Chi ci conosce un po’ lo sa. Noi toscani prendiamo in giro tutti. Anzi, s’offende proprio senza pietà, s’infila il dito nella piaga senza ritegno e si va a scavare meschinamente nelle debolezze altrui esponendole al pubblico ludibrio.

Non ti sai difendere? Fatti tua, o bere o affogare.
Io, per esempio, che la risposta pronta ‘un l’ho mai avuta, ho sviluppato una certa tendenza ad affogare con stile.

Ma che c’entra, questo, direte voi, con i tegami? Niente. Ma anche tutto.

Perché l’altra caratteristica che ci abbiamo noi è quella di usare termini generici e apparentemente innocui per offendere. Così a migliorare la situazione c’è anche il brivido dello straniero che ‘un capisce.
E, giusto per rendere le cose ancor più interessanti, gli stessi termini “travisati” hanno sfumature diverse a seconda della provincia.

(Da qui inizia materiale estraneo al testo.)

lemma exists_tower_levels:
  assumes na: "non_atomic M" and "0 < h"
  shows "\<exists>l. tower_levels h l"
proof -
  have "measure M (space M) = 1" by (rule prob_space)
  then obtain F where F: "F \<in> sets M" "0 < measure M F" "measure M F < 1 / h ^ 2"
    using non_atomic_small_subset[OF na sets.top, of "1 / h ^ 2"] \<open>0 < h\<close> by auto
  define l where "l = tower_level h T F"
  have "AE x in M. \<exists>k. (T ^^ k) x \<in> F"
    using AE_frequently_visits[OF F(1,2)] by (rule eventually_mono) (rule INFM_EX)
  then have climb: "AE x in M. \<forall>n. l x + n < h \<longrightarrow> l ((T ^^ n) x) = l x + n"
    by eventually_elim (auto simp: l_def intro: tower_level_funpow)
  have "measure M (l -` {s}) \<le> 2 / h" for s
  proof (cases "s < h")
    case True
    have "s * measure M F \<le> h * (1 / h ^ 2)"
      using True F(2,3) by (intro mult_mono) auto
    then have "s * measure M F \<le> 1 / h"
      using \<open>0 < h\<close> by (simp add: power2_eq_square)
    then show ?thesis
      using measure_tower_level_le[OF F(1,2) True] by (simp add: l_def)
  next
    case False
    then have "l -` {s} = {}"
      using tower_level_less[OF \<open>0 < h\<close>, of T F] by (auto simp: l_def)
    then show ?thesis
      by simp
  qed
  moreover have "\<forall>x. l x < h"
    using \<open>0 < h\<close> by (simp add: l_def tower_level_less)
  ultimately have "tower_levels h l"
    using tower_level_measurable[OF F(1)] climb unfolding tower_levels_def l_def by blast
  then show ?thesis by blast
qed

lemma exists_block_tower:
  fixes \<epsilon> :: "nat \<Rightarrow> real" and c :: real and D :: nat
  assumes "non_atomic M" and "decseq \<epsilon>" and "\<And>n. 0 \<le> \<epsilon> n" and "\<not> summable \<epsilon>"
    and "0 < c" and "0 < D"
  shows "\<exists>ds l. tower_levels (sum_list ds) l \<and> (\<forall>d\<in>set ds. D \<le> d) \<and>
           (\<forall>n. real (length (filter (\<lambda>d. n \<le> d) ds)) \<le> c * real (sum_list ds) * \<epsilon> n)"
proof -
  obtain ds where ds: "ds \<noteq> []" "\<forall>d\<in>set ds. D \<le> d"
    "\<forall>n. real (length (filter (\<lambda>d. n \<le> d) ds)) \<le> c * real (sum_list ds) * \<epsilon> n"
    using exists_block_lengths[OF assms(2-6)] by blast
  have "0 < sum_list ds"
    using ds(1,2) \<open>0 < D\<close> by (cases ds) auto
  then obtain l where "tower_levels (sum_list ds) l"
    using exists_tower_levels[OF \<open>non_atomic M\<close>] by blast
  with ds(2,3) show ?thesis
    by blast
qed

lemma measure_block_end_length_ge:
  assumes l: "tower_levels (sum_list ds) l" and "0 < n"
  shows "measure M {x. n \<le> block_end_length ds (l x)}
           \<le> 2 * real (length (filter (\<lambda>d. n \<le> d) ds)) / real (sum_list ds)"
proof -
  let ?S = "{s. s < sum_list ds \<and> n \<le> block_end_length ds s}"
  have "{x. n \<le> block_end_length ds (l x)} = l -` ?S"
    using l by (auto simp: tower_levels_def)
  then show ?thesis
    using measure_tower_levels_le[OF l, of ?S] card_block_end_length_ge[OF \<open>0 < n\<close>] by simp
qed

E tutto questo per spiegare, contestualizzando, la questione del “tegame” e di Celeste a cui avevamo accennato nel post successivo all’Internet Festival.

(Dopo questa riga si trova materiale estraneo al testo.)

lemma exists_bracket:
  fixes c R \<delta> :: real
  assumes "0 < c" "c < R" "0 < \<delta>"
  shows "\<exists>s1 s2. 0 \<le> s1 \<and> s1 < c \<and> c < s2 \<and> s2 \<le> R \<and> s2 - s1 < \<delta>"
proof (intro exI conjI)
  show "0 \<le> max 0 (c - \<delta> / 3)" "max 0 (c - \<delta> / 3) < c" "c < min R (c + \<delta> / 3)"
    "min R (c + \<delta> / 3) \<le> R"
    using assms by simp_all
  have "c - \<delta> / 3 \<le> max 0 (c - \<delta> / 3)" "min R (c + \<delta> / 3) \<le> c + \<delta> / 3" by simp_all
  then show "min R (c + \<delta> / 3) - max 0 (c - \<delta> / 3) < \<delta>" using assms by linarith
qed

lemma exists_power_two_power_small_large:
  fixes r1 r2 :: real
  assumes "0 \<le> r1" "r1 < 1" "1 < r2"
  shows "\<exists>k. r1 ^ 2 ^ k < 1/5 \<and> 11 < r2 ^ 2 ^ k"
proof -
  have "eventually (\<lambda>n. r1 ^ n < 1/5) sequentially"
    using assms by (intro order_tendstoD(2)[OF LIMSEQ_power_zero]) auto
  moreover have "eventually (\<lambda>n. 11 < r2 ^ n) sequentially"
  proof -
    have "filterlim (\<lambda>n. norm (r2 ^ n)) at_top sequentially"
      using assms by (intro filterlim_at_infinity_imp_norm_at_top filterlim_realpow_sequentially_gt1) simp
    then show ?thesis using assms by (simp add: filterlim_at_top_dense norm_power)
  qed
  ultimately have "eventually (\<lambda>n. r1 ^ n < 1/5 \<and> 11 < r2 ^ n) sequentially"
    by (rule eventually_conj)
  then obtain M where M: "\<And>n. n \<ge> M \<Longrightarrow> r1 ^ n < 1/5 \<and> 11 < r2 ^ n"
    unfolding eventually_sequentially by blast
  have "M \<le> 2 ^ M" by (simp add: less_exp less_imp_le)
  then show ?thesis using M by blast
qed

lemma norm_le_of_invertible_one_minus_disc:
  fixes h :: "'a::unital_cstar_algebra"
  assumes sa: "adj h = h" and R: "0 < R"
    and inv: "\<And>\<mu>. cmod \<mu> \<le> R \<Longrightarrow> invertible_elem (1 - scaleC \<mu> h)"
  shows "R * norm h \<le> 1"
proof (rule ccontr)
  assume "\<not> R * norm h \<le> 1"
  then have Rh: "1 < R * norm h" and h: "0 < norm h"
    using R by (auto simp: zero_less_mult_iff)
  have "1 / norm h < R" using Rh h by (simp add: field_simps)
  obtain \<delta> where "\<delta> > 0" and \<delta>: "inverse_one_minus_modulus R \<delta> (\<lambda>\<mu>. scaleC \<mu> h)"
    using exists_inverse_one_minus_modulus[OF inv] by blast
  then obtain s1 s2 where s: "0 \<le> s1" "s1 < 1 / norm h" "1 / norm h < s2" "s2 \<le> R" "s2 - s1 < \<delta>"
    using exists_bracket[of "1 / norm h" R \<delta>] h \<open>1 / norm h < R\<close> by auto
  have "0 \<le> s1 * norm h" "s1 * norm h < 1" "1 < s2 * norm h"
    using s h by (auto simp: field_simps)
  \<comment> \<open>\<open>\<parallel>a1\<parallel> < 1/5\<close> puts \<open>(1 - a1)\<^sup>-\<^sup>1\<close> within \<open>2/5\<close> of \<open>1\<close>, hence \<open>(1 - a2)\<^sup>-\<^sup>1\<close>
    within \<open>9/10\<close>, forcing \<open>\<parallel>a2\<parallel> \<le> 9 < 11\<close>.\<close>
  then obtain k where k: "(s1 * norm h) ^ 2 ^ k < 1/5" "11 < (s2 * norm h) ^ 2 ^ k"
    using exists_power_two_power_small_large by blast
  define a1 a2 where "a1 = scaleC (complex_of_real s1 ^ 2 ^ k) (h ^ 2 ^ k)"
    and "a2 = scaleC (complex_of_real s2 ^ 2 ^ k) (h ^ 2 ^ k)"
  have norm_a: "norm a1 = (s1 * norm h) ^ 2 ^ k" "norm a2 = (s2 * norm h) ^ 2 ^ k"
    using norm_power_two_power_self_adjoint[OF sa, of k] s unfolding a1_def a2_def
    by (simp_all add: norm_scaleC norm_power power_mult_distrib)
  have "cmod (complex_of_real s1) \<le> R" "cmod (complex_of_real s2) \<le> R"
    "cmod (complex_of_real s2 - complex_of_real s1) < \<delta>"
    using s by (simp_all flip: of_real_diff)
  then have inv2: "invertible_elem (1 - a2)"
    and near12: "norm (elem_inverse (1 - a2) - elem_inverse (1 - a1)) < 1/2"
    using inverse_one_minus_modulus_power_two_power[OF \<delta>, of k]
    unfolding a1_def a2_def inverse_one_minus_modulus_def by blast+
  have "norm (elem_inverse (1 - a1) - 1) \<le> 2 * norm a1"
    using norm_a k norm_ge_zero[of a1]
    by (intro order_trans[OF neumann_series(2) divide_one_minus_le_double]) auto
  then have "norm (elem_inverse (1 - a2) - 1) \<le> 9/10"
    using near12 norm_a k norm_triangle_ineq[of "elem_inverse (1 - a2) - elem_inverse (1 - a1)"
        "elem_inverse (1 - a1) - 1"] by simp
  then have "norm a2 \<le> 9" using norm_le_of_elem_inverse_one_minus_near[OF inv2] by fastforce
  then show False using norm_a k by simp
qed

lemma norm_le_spectral_bound_self_adjoint:
  fixes h :: "'a::unital_cstar_algebra"
  assumes sa: "adj h = h" and \<rho>: "0 \<le> \<rho>" and spec: "\<And>z. z \<in> cspectrum h \<Longrightarrow> cmod z \<le> \<rho>"
  shows "norm h \<le> \<rho>"
proof (rule ccontr)
  assume "\<not> norm h \<le> \<rho>"
  define R where "R = 2 / (norm h + \<rho>)"
  have R: "0 < R" "\<rho> < 1 / R" "1 < R * norm h"
    unfolding R_def using \<open>\<not> norm h \<le> \<rho>\<close> \<rho> by (auto simp: field_simps)
  have "invertible_elem (1 - scaleC \<mu> h)" if "cmod \<mu> \<le> R" for \<mu>
  proof (cases "\<mu> = 0")
    case True
    then show ?thesis by (simp add: invertible_elemI[of 1 1])
  next
    case False
    have "1 / R \<le> cmod (1 / \<mu>)" using that False R by (simp add: norm_divide field_simps)
    then have "invertible_elem (h - scaleC (1 / \<mu>) 1)"
      using spec R unfolding cspectrum_def by force
    moreover have "1 - scaleC \<mu> h = scaleC (- \<mu>) (h - scaleC (1 / \<mu>) 1)"
      using False by (simp add: scaleC_diff_right scaleC_scaleC scaleC_minus_left)
    ultimately show ?thesis using False by (simp add: invertible_elem_scaleC)
  qed
  then have "R * norm h \<le> 1" by (rule norm_le_of_invertible_one_minus_disc[OF sa R(1)])
  then show False using R by simp
qed

section \<open>Positive elements\<close>

lemma cpositive_self_adjoint: "cpositive a \<Longrightarrow> adj a = a"
  unfolding cpositive_def by simp

lemma cspectrum_cpositive: "cpositive a \<Longrightarrow> z \<in> cspectrum a \<Longrightarrow> \<exists>r\<ge>0. z = complex_of_real r"
  unfolding cpositive_def by auto

lemma norm_norm_one_diff_cpositive:
  fixes a :: "'a::unital_cstar_algebra"
  assumes a: "cpositive a"
  shows "norm (scaleR (norm a) 1 - a) \<le> norm a"
proof (rule norm_le_spectral_bound_self_adjoint)
  show "adj (scaleR (norm a) 1 - a) = scaleR (norm a) 1 - a"
    using cpositive_self_adjoint[OF a] by (simp add: adj_diff adj_scaleR)
  fix z assume "z \<in> cspectrum (scaleR (norm a) 1 - a)"
  then have z: "complex_of_real (norm a) - z \<in> cspectrum a"
    by (simp add: cspectrum_scaleR_one_diff_iff)
  then obtain r where r: "r \<ge> 0" "complex_of_real (norm a) - z = complex_of_real r"
    using cspectrum_cpositive[OF a] by blast
  have "r \<le> norm a" using cspectrum_norm_bound[OF z] r by simp
  moreover have "z = complex_of_real (norm a - r)" using r by (simp add: algebra_simps)
  then have "cmod z = \<bar>norm a - r\<bar>" by (simp only: norm_of_real)
  ultimately show "cmod z \<le> norm a" using r by simp
qed simp

lemma cpositiveI_norm_one_diff:
  fixes c :: "'a::unital_cstar_algebra"
  assumes sa: "adj c = c" and le: "norm (scaleR u 1 - c) \<le> u"
  shows "cpositive c"
  unfolding cpositive_def
proof (intro conjI sa subsetI)
  fix z assume z: "z \<in> cspectrum c"
  have z_real: "z = complex_of_real (Re z)"
    using cspectrum_self_adjoint_real[OF sa z] by (simp add: complex_eq_iff)
  have "complex_of_real u - z \<in> cspectrum (scaleR u 1 - c)"
    using z by (simp add: cspectrum_scaleR_one_diff_iff)
  then have "cmod (complex_of_real u - z) \<le> u" using le by (rule order_trans[OF cspectrum_norm_bound])
  then have "cmod (complex_of_real (u - Re z)) \<le> u" by (subst (asm) z_real) simp
  then have "\<bar>u - Re z\<bar> \<le> u" by (simp only: norm_of_real)
  then have "0 \<le> Re z" by linarith
  then show "z \<in> complex_of_real ` {0..}" using z_real by force
qed

lemma cpositive_add:
  fixes a b :: "'a::unital_cstar_algebra"
  assumes a: "cpositive a" and b: "cpositive b"
  shows "cpositive (a + b)"
proof (rule cpositiveI_norm_one_diff)
  show "adj (a + b) = a + b"
    using cpositive_self_adjoint[OF a] cpositive_self_adjoint[OF b] by (simp add: adj_add)
  have "scaleR (norm a + norm b) 1 - (a + b) = (scaleR (norm a) 1 - a) + (scaleR (norm b) 1 - b)"
    by (simp add: algebra_simps scaleR_add_left)
  then have "norm (scaleR (norm a + norm b) 1 - (a + b))
      \<le> norm (scaleR (norm a) 1 - a) + norm (scaleR (norm b) 1 - b)"
    by (metis norm_triangle_ineq)
  also have "\<dots> \<le> norm a + norm b"
    using norm_norm_one_diff_cpositive[OF a] norm_norm_one_diff_cpositive[OF b] by (rule add_mono)
  finally show "norm (scaleR (norm a + norm b) 1 - (a + b)) \<le> norm a + norm b" .
qed

text \<open>
  With \<open>t = \<parallel>b\<parallel>\<close> we get \<open>a \<preceq> b \<preceq> t\<close>, so the spectrum of \<open>a\<close> lies in \<open>[0, t]\<close>.
\<close>
lemma norm_mono_cpositive:
  fixes a b :: "'a::unital_cstar_algebra"
  assumes a: "cpositive a" and ab: "a \<preceq>\<^sub>C b"
  shows "norm a \<le> norm b"
proof (rule norm_le_spectral_bound_self_adjoint)
  have ba: "cpositive (b - a)" using ab unfolding cle_def .
  have b: "cpositive b" using cpositive_add[OF a ba] by simp
  have "cpositive (scaleR (norm b) 1 - b)"
    using cpositive_self_adjoint[OF b]
    by (intro cpositiveI_norm_one_diff[where u = "norm b"]) (simp_all add: adj_diff adj_scaleR)
  then have "cpositive (scaleR (norm b) 1 - b + (b - a))" using ba by (rule cpositive_add)
  then have ta: "cpositive (scaleR (norm b) 1 - a)" by simp
  show "adj a = a" by (rule cpositive_self_adjoint[OF a])
  fix z assume z: "z \<in> cspectrum a"
  obtain r where r: "r \<ge> 0" "z = complex_of_real r" using cspectrum_cpositive[OF a z] by blast
  have "complex_of_real (norm b) - z \<in> cspectrum (scaleR (norm b) 1 - a)"
    using z by (simp add: cspectrum_scaleR_one_diff_iff)
  then obtain s where "s \<ge> 0" "complex_of_real (norm b) - z = complex_of_real s"
    using cspectrum_cpositive[OF ta] by blast
  then have "norm b - r = s" using r by (metis of_real_diff of_real_eq_iff)
  then show "cmod z \<le> norm b" using r \<open>s \<ge> 0\<close> by simp
qed simp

Il tegame, immagino siam tutti d’accordo, è, citando Treccani,

“Recipiente da cucina, rotondo, a fondo piatto con sponde non molto alte (dritte o un poco svasate), con un solo manico sporgente e allungato o con due manici ad ansa”

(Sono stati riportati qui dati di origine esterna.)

definition L_products :: "('co,'ca,'lo,'la) lnl_data \<Rightarrow> bool" where
  "L_products S \<longleftrightarrow>
     (\<forall>A B. lhom S (lPi1 S A B) (lProd S A B) A \<and> lhom S (lPi2 S A B) (lProd S A B) B)
   \<and> (\<forall>f g C A B. lhom S f C A \<longrightarrow> lhom S g C B \<longrightarrow>
        lhom S (lPair S f g) C (lProd S A B)
        \<and> lComp S (lPair S f g) (lPi1 S A B) = f \<and> lComp S (lPair S f g) (lPi2 S A B) = g)
   \<and> (\<forall>h C A B. lhom S h C (lProd S A B) \<longrightarrow>
        h = lPair S (lComp S h (lPi1 S A B)) (lComp S h (lPi2 S A B)))
   \<and> (\<forall>A. lhom S (lBang S A) A (lTerm S))
   \<and> (\<forall>h A. lhom S h A (lTerm S) \<longrightarrow> h = lBang S A)"

definition functors :: "('co,'ca,'lo,'la) lnl_data \<Rightarrow> bool" where
  "functors S \<longleftrightarrow>
     (\<forall>f X Y. chom S f X Y \<longrightarrow> lhom S (FM S f) (FO S X) (FO S Y))
   \<and> (\<forall>X. FM S (cId S X) = lId S (FO S X))
   \<and> (\<forall>f g X Y Z. chom S f X Y \<longrightarrow> chom S g Y Z \<longrightarrow> FM S (cComp S f g) = lComp S (FM S f) (FM S g))
   \<and> (\<forall>f A B. lhom S f A B \<longrightarrow> chom S (UM S f) (UO S A) (UO S B))
   \<and> (\<forall>A. UM S (lId S A) = cId S (UO S A))
   \<and> (\<forall>f g A B C. lhom S f A B \<longrightarrow> lhom S g B C \<longrightarrow> UM S (lComp S f g) = cComp S (UM S f) (UM S g))"

definition adjunction :: "('co,'ca,'lo,'la) lnl_data \<Rightarrow> bool" where
  "adjunction S \<longleftrightarrow>
     (\<forall>X. chom S (adjEta S X) X (UO S (FO S X)))
   \<and> (\<forall>A. lhom S (adjEps S A) (FO S (UO S A)) A)
   \<and> (\<forall>f X Y. chom S f X Y \<longrightarrow> cComp S f (adjEta S Y) = cComp S (adjEta S X) (UM S (FM S f)))
   \<and> (\<forall>g A B. lhom S g A B \<longrightarrow> lComp S (FM S (UM S g)) (adjEps S B) = lComp S (adjEps S A) g)
   \<and> (\<forall>X. lComp S (FM S (adjEta S X)) (adjEps S (FO S X)) = lId S (FO S X))
   \<and> (\<forall>A. cComp S (adjEta S (UO S A)) (UM S (adjEps S A)) = cId S (UO S A))"

definition U_lax_monoidal :: "('co,'ca,'lo,'la) lnl_data \<Rightarrow> bool" where
  "U_lax_monoidal S \<longleftrightarrow>
     (\<forall>A B. chom S (monN S A B) (cProd S (UO S A) (UO S B)) (UO S (lTen S A B)))
   \<and> chom S (monN1 S) (cTerm S) (UO S (lUnit S))
   \<and> (\<forall>f g A A' B B'. lhom S f A A' \<longrightarrow> lhom S g B B' \<longrightarrow>
        cComp S (cProdM S (UM S f) (UM S g)) (monN S A' B') = cComp S (monN S A B) (UM S (lTenM S f g)))
   \<and> (\<forall>A B C. cComp S (cProdM S (monN S A B) (cId S (UO S C))) (monN S (lTen S A B) C)
              = cComp S (cProdM S (cId S (UO S A)) (monN S B C)) (monN S A (lTen S B C)))
   \<and> (\<forall>A. cComp S (cProdM S (monN1 S) (cId S (UO S A))) (monN S (lUnit S) A) = cId S (UO S A))
   \<and> (\<forall>A. cComp S (cProdM S (cId S (UO S A)) (monN1 S)) (monN S A (lUnit S)) = cId S (UO S A))
   \<and> (\<forall>A B. cComp S (cSwap S (UO S A) (UO S B)) (monN S B A) = cComp S (monN S A B) (UM S (lSym S A B)))"

definition F_strong_monoidal :: "('co,'ca,'lo,'la) lnl_data \<Rightarrow> bool" where
  "F_strong_monoidal S \<longleftrightarrow>
     (\<forall>X Y. lhom S (monM S X Y) (lTen S (FO S X) (FO S Y)) (FO S (cProd S X Y))
          \<and> lhom S (monMinv S X Y) (FO S (cProd S X Y)) (lTen S (FO S X) (FO S Y))
          \<and> lComp S (monM S X Y) (monMinv S X Y) = lId S (lTen S (FO S X) (FO S Y))
          \<and> lComp S (monMinv S X Y) (monM S X Y) = lId S (FO S (cProd S X Y)))
   \<and> lhom S (monM1 S) (lUnit S) (FO S (cTerm S))
   \<and> lhom S (monM1inv S) (FO S (cTerm S)) (lUnit S)
   \<and> lComp S (monM1 S) (monM1inv S) = lId S (lUnit S)
   \<and> lComp S (monM1inv S) (monM1 S) = lId S (FO S (cTerm S))
   \<and> (\<forall>f g X X' Y Y'. chom S f X X' \<longrightarrow> chom S g Y Y' \<longrightarrow>
        lComp S (lTenM S (FM S f) (FM S g)) (monM S X' Y') = lComp S (monM S X Y) (FM S (cProdM S f g)))
   \<and> (\<forall>X Y Z. lComp S (lTenM S (monM S X Y) (lId S (FO S Z))) (monM S (cProd S X Y) Z)
              = lComp S (lTenM S (lId S (FO S X)) (monM S Y Z)) (monM S X (cProd S Y Z)))
   \<and> (\<forall>X. lComp S (lTenM S (monM1 S) (lId S (FO S X))) (monM S (cTerm S) X) = lId S (FO S X))
   \<and> (\<forall>X. lComp S (lTenM S (lId S (FO S X)) (monM1 S)) (monM S X (cTerm S)) = lId S (FO S X))
   \<and> (\<forall>X Y. lComp S (lSym S (FO S X) (FO S Y)) (monM S Y X) = lComp S (monM S X Y) (FM S (cSwap S X Y)))"

definition monoidal_adjunction :: "('co,'ca,'lo,'la) lnl_data \<Rightarrow> bool" where
  "monoidal_adjunction S \<longleftrightarrow>
     (\<forall>X Y. cComp S (cComp S (cProdM S (adjEta S X) (adjEta S Y)) (monN S (FO S X) (FO S Y)))
                    (UM S (monM S X Y)) = adjEta S (cProd S X Y))
   \<and> cComp S (monN1 S) (UM S (monM1 S)) = adjEta S (cTerm S)
   \<and> (\<forall>A B. lComp S (lComp S (monM S (UO S A) (UO S B)) (FM S (monN S A B))) (adjEps S (lTen S A B))
              = lTenM S (adjEps S A) (adjEps S B))
   \<and> lComp S (lComp S (monM1 S) (FM S (monN1 S))) (adjEps S (lUnit S)) = lId S (lUnit S)"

Ma in Toscana, o almeno qui a Pisa, il tegame è anche una signorina dedita al mercificio del proprio corpo.
E, per estensione, sempre a Pisa, il tegame è anche la persona che ti lusinga per ottenere qualche cosa. Per farvi capire quanto possa essere offensivo e allo stesso tempo innocuo dare del tegame a qualcuno: il mi’ figliolo è un tegame; soprattutto in pasticceria.

E quindi ecco perché anche la Cele è un tegame. Nella seconda accezione pisana del termine, ovviamente. La prima volta che gliel’ho detto mi ha guardato storto (sempre per il discorso delle sfumature provinciali). Poi ho spiegato e pare che la signora abbia capito e che le sia garbato talmente tanto che ormai essa stessa si definisce un “gran tegame”. O forse è il suo modo di “annegare con stile”, ma non credo, lei è il tipo da risposta pronta.

Quindi, per concludere, sennò non mi cheto più. Se non siete ancora perfettamente certi del motivo per cui la Cele è un tegame - lavorativamente parlando - ve lo faccio vedere.

La signora fa questo:

Ma, essendo fiorentina (e non ameri’ana), simpatica e bella, lo fa con mooooolto più stile. O provate un po’ a dire ir contrario!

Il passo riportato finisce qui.